An iconic version of the joke begins "A horse walks into a bar", with a punchline where the horse's arrival is not regarded as unusual (e.g., "The bartender asks, 'Why the long face?). This form of the bar joke may have roots in humorous accounts of real events from the Old West. Moreover, this variation is highly recognizable as a staple of traditional comedy sketches. For example, it is used as the title of A Horse Walks into a Bar by David Grossman, a dark novel about a comedian's failing mental state.

Another version involves several men walking into the bar together, often with related professions, such as a priest, a minister and a rabbi. In effect, this is a merger between the "bar joke" and trio jokes involving priests, ministers and rabbis (or Englishmen, Irishmen and Scotsmen) in other settings. This form has become so well known that it is the subject of at least one joke about the popularity of the joke itself: "A priest, a minister, and a rabbi walk into a bar. The bartender looks at them and says, 'What is this, a joke?.

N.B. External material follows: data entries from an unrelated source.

lemma transfer_lincomb:
  assumes c: "B.torus_coeffs c"
  shows "transfer (lincomb B.tmon c) = lincomb transfer_tmon c"
proof -
  define c' where "c' = (SOME c'. B.torus_coeffs c' \<and> lincomb B.tmon c = lincomb B.tmon c')"
  have "B.torus_coeffs c' \<and> lincomb B.tmon c = lincomb B.tmon c'"
    unfolding c'_def by (rule someI[of _ c]) (simp add: c)
  then have c': "B.torus_coeffs c'" "lincomb B.tmon c' = lincomb B.tmon c"
    by simp_all
  have diff: "B.torus_coeffs (\<lambda>p. c' p + - c p)"
    using c c' by (intro B.torus_coeffs_add B.torus_coeffs_uminus)
  have "lincomb B.tmon (\<lambda>p. c' p + - c p) = lincomb B.tmon c' + lincomb B.tmon (\<lambda>p. - c p)"
    using c c' by (intro B.lincomb_tmon_add B.torus_coeffs_uminus)
  also have "\<dots> = 0"
    using c' by (simp add: lincomb_uminus)
  finally have "(\<lambda>p. c' p + - c p) = (\<lambda>_. 0)"
    using diff B.lincomb_tmon_eq_0 by blast
  then have "c' = c"
    by (simp add: fun_eq_iff)
  then show ?thesis
    unfolding transfer_def c'_def by simp
qed

lemma transfer_tmon: "\<alpha> \<in> Zm m \<Longrightarrow> transfer (B.tmon (j, \<alpha>)) = va powi j * A.mon (mulv m (E e) \<alpha>)"
  using transfer_lincomb[OF B.torus_coeffs_delta[of "(j, \<alpha>)" 1]]
  by (simp add: lincomb_delta transfer_tmon_def)

lemma transfer_add_mult:
  assumes "x \<in> B.torus" "y \<in> B.torus"
  shows "transfer (x + y) = transfer x + transfer y" "transfer (x * y) = transfer x * transfer y"
proof -
  obtain c d where c: "B.torus_coeffs c" "x = lincomb B.tmon c" and d: "B.torus_coeffs d" "y = lincomb B.tmon d"
    using assms unfolding B.torus_def by blast
  have fin: "finite (supp c)" "finite (supp d)"
    using c d by (simp_all add: B.torus_coeffs_def)
  have "transfer (x + y) = transfer (lincomb B.tmon (\<lambda>p. c p + d p))"
    using c d by (simp add: B.lincomb_tmon_add)
  also have "\<dots> = lincomb transfer_tmon (\<lambda>p. c p + d p)"
    using c d by (simp add: transfer_lincomb B.torus_coeffs_add)
  also have "\<dots> = transfer x + transfer y"
    using c d fin by (simp add: lincomb_add transfer_lincomb)
  finally show "transfer (x + y) = transfer x + transfer y" .
  have "transfer (x * y) = transfer (lincomb B.tmon (convolution B.tmon_index_mult c d))"
    using c d by (simp add: B.lincomb_tmon_mult)
  also have "\<dots> = lincomb transfer_tmon (convolution B.tmon_index_mult c d)"
    using c d by (simp add: transfer_lincomb B.torus_coeffs_convolution)
  also have "\<dots> = transfer x * transfer y"
    using c d fin by (simp add: lincomb_mult transfer_tmon_mult transfer_lincomb)
  finally show "transfer (x * y) = transfer x * transfer y" .
qed

lemma transfer_nonzero:
  assumes "x \<in> B.torus" "x \<noteq> 0"
  shows "transfer x \<noteq> 0"
proof
  obtain c where c: "B.torus_coeffs c" "x = lincomb B.tmon c"
    using assms(1) unfolding B.torus_def by blast
  assume "transfer x = 0"
  then have "c = (\<lambda>_. 0)"
    using c by (intro lincomb_transfer_tmon_eq_0) (simp_all add: transfer_lincomb)
  then show False
    using c assms(2) by (simp add: lincomb_def)
qed

lemma transfer_right_ore_hom: "right_ore_hom B.torus transfer"
proof
  show "transfer 1 = 1"
    using transfer_tmon[OF A.Zm_zero, of 0] B.tmon_scalar[of 0] by (simp add: mulv_zero A.Xmon_zero)
  show "\<exists>u c. u \<in> B.torus \<and> c \<in> B.torus \<and> u \<noteq> 0 \<and> a * u = s * c"
    if "a \<in> B.torus" "s \<in> B.torus" "s \<noteq> 0" for a s
    using that by (rule B.torus_right_ore)
qed (simp_all add: B.one_in_torus B.torus_add B.torus_mult B.torus_uminus transfer_add_mult transfer_nonzero)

According to Scott McNeely in the Ultimate Book of Jokes, the first bar joke was published in 1952 in The New York Times.

== Variants ==
Variations on the bar joke include puns or wordplay (e.g., "A panda walks into a bar; it eats, shoots and leaves"), or inanimate objects (e.g. "a sandwich walks into a bar, orders a beer, and is told by the bartender, we don't serve food here").

A variant about a duck asking for grapes became the inspiration for viral hit "The Duck Song" by Bryant Oden.

A variant involves a literal interpretation of the joke's setup, wherein the punchline is that the person says "ouch" (i.e. they walked into a horizontal pole).